DATA IN THIS EXERCISE:
#####
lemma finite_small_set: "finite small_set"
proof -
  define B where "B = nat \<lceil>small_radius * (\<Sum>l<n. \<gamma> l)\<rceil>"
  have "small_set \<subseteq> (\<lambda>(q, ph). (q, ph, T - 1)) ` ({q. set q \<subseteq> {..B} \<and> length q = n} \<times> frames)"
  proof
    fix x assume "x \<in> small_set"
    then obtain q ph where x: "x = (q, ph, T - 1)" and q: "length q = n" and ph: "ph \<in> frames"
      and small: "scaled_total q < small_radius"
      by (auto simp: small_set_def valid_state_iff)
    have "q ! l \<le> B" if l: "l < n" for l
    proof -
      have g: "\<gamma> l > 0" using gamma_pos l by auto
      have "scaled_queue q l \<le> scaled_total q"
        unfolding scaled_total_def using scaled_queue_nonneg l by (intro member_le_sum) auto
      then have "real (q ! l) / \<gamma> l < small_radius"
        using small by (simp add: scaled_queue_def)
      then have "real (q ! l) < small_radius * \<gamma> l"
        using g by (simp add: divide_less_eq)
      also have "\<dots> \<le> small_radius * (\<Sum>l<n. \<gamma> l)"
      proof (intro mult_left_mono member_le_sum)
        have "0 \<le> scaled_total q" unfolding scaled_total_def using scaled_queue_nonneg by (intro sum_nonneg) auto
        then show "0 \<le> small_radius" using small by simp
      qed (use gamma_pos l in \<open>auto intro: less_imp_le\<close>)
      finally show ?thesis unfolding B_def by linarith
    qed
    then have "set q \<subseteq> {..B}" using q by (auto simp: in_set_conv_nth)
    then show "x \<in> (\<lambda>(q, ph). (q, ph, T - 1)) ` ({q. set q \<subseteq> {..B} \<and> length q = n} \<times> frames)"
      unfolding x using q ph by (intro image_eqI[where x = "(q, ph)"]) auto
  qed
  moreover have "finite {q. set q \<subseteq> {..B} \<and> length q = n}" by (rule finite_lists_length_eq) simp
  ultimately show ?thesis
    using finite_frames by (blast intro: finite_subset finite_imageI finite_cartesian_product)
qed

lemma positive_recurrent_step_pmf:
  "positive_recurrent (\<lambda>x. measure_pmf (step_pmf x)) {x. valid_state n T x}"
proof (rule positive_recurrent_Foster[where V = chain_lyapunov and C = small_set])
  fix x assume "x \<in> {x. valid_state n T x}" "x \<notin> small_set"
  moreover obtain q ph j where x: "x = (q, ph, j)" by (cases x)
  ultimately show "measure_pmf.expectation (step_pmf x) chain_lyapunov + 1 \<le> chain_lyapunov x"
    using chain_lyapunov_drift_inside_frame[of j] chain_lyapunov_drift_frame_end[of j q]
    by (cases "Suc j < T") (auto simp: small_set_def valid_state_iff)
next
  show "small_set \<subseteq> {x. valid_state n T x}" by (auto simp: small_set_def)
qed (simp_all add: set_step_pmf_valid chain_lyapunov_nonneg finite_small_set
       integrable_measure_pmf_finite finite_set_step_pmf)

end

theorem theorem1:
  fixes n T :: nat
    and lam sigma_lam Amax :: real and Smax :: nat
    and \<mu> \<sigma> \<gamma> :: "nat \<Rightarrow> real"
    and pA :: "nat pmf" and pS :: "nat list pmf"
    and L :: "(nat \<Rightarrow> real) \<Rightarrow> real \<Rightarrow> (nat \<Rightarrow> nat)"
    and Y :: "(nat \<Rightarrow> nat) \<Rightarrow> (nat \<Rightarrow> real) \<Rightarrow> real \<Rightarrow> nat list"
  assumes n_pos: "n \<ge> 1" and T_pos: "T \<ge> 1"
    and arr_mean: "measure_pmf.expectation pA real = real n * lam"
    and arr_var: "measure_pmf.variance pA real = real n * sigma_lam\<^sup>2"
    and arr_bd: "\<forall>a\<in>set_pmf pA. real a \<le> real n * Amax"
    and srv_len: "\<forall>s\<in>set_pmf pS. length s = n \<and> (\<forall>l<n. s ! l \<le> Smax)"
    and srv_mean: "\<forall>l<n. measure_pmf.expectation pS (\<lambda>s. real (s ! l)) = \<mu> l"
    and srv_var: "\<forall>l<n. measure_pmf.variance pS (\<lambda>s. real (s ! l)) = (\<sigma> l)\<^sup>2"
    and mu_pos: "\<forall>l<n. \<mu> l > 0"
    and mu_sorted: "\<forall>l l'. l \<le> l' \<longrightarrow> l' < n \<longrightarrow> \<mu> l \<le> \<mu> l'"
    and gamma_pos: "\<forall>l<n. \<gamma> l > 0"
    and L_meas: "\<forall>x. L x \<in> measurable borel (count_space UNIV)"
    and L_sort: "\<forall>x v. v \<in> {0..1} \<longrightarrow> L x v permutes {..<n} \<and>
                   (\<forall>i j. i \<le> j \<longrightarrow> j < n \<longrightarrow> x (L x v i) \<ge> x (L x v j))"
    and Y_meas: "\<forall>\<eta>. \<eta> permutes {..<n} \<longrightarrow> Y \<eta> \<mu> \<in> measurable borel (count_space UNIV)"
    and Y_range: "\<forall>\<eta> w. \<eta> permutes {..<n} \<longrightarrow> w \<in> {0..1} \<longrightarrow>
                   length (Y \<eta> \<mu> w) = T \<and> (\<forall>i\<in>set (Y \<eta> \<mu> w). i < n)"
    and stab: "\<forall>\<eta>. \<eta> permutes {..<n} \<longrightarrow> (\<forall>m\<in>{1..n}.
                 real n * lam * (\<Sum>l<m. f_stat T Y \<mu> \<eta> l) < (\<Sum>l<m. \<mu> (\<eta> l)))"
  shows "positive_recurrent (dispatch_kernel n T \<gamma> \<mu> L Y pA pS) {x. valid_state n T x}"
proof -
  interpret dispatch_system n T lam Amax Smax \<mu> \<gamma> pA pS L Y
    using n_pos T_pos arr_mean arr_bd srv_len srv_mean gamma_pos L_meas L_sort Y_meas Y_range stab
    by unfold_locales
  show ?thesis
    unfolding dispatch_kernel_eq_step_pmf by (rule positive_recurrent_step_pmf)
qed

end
#####
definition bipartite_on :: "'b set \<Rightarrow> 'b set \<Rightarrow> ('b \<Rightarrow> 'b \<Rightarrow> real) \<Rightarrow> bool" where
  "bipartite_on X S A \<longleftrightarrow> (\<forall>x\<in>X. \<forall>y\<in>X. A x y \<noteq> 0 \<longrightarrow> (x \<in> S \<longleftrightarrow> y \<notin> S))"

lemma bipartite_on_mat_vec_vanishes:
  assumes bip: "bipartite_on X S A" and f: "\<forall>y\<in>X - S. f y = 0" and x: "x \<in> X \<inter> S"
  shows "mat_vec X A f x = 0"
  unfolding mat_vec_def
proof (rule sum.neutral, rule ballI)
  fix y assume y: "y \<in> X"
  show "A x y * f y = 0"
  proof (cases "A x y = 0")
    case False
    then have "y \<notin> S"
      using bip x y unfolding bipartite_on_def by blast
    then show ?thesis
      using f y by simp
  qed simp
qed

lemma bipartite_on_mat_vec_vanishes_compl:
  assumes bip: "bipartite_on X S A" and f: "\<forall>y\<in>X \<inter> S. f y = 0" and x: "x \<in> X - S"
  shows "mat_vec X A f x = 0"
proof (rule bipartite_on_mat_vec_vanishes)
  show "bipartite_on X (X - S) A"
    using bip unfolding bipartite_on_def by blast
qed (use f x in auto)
#####
TASK DETAILS: Please go through the data above and copy each line containing the word "rule".

WRITTEN SOLUTION:
  moreover have "finite {q. set q \<subseteq> {..B} \<and> length q = n}" by (rule finite_lists_length_eq) simp
proof (rule positive_recurrent_Foster[where V = chain_lyapunov and C = small_set])
    unfolding dispatch_kernel_eq_step_pmf by (rule positive_recurrent_step_pmf)
proof (rule sum.neutral, rule ballI)
proof (rule bipartite_on_mat_vec_vanishes)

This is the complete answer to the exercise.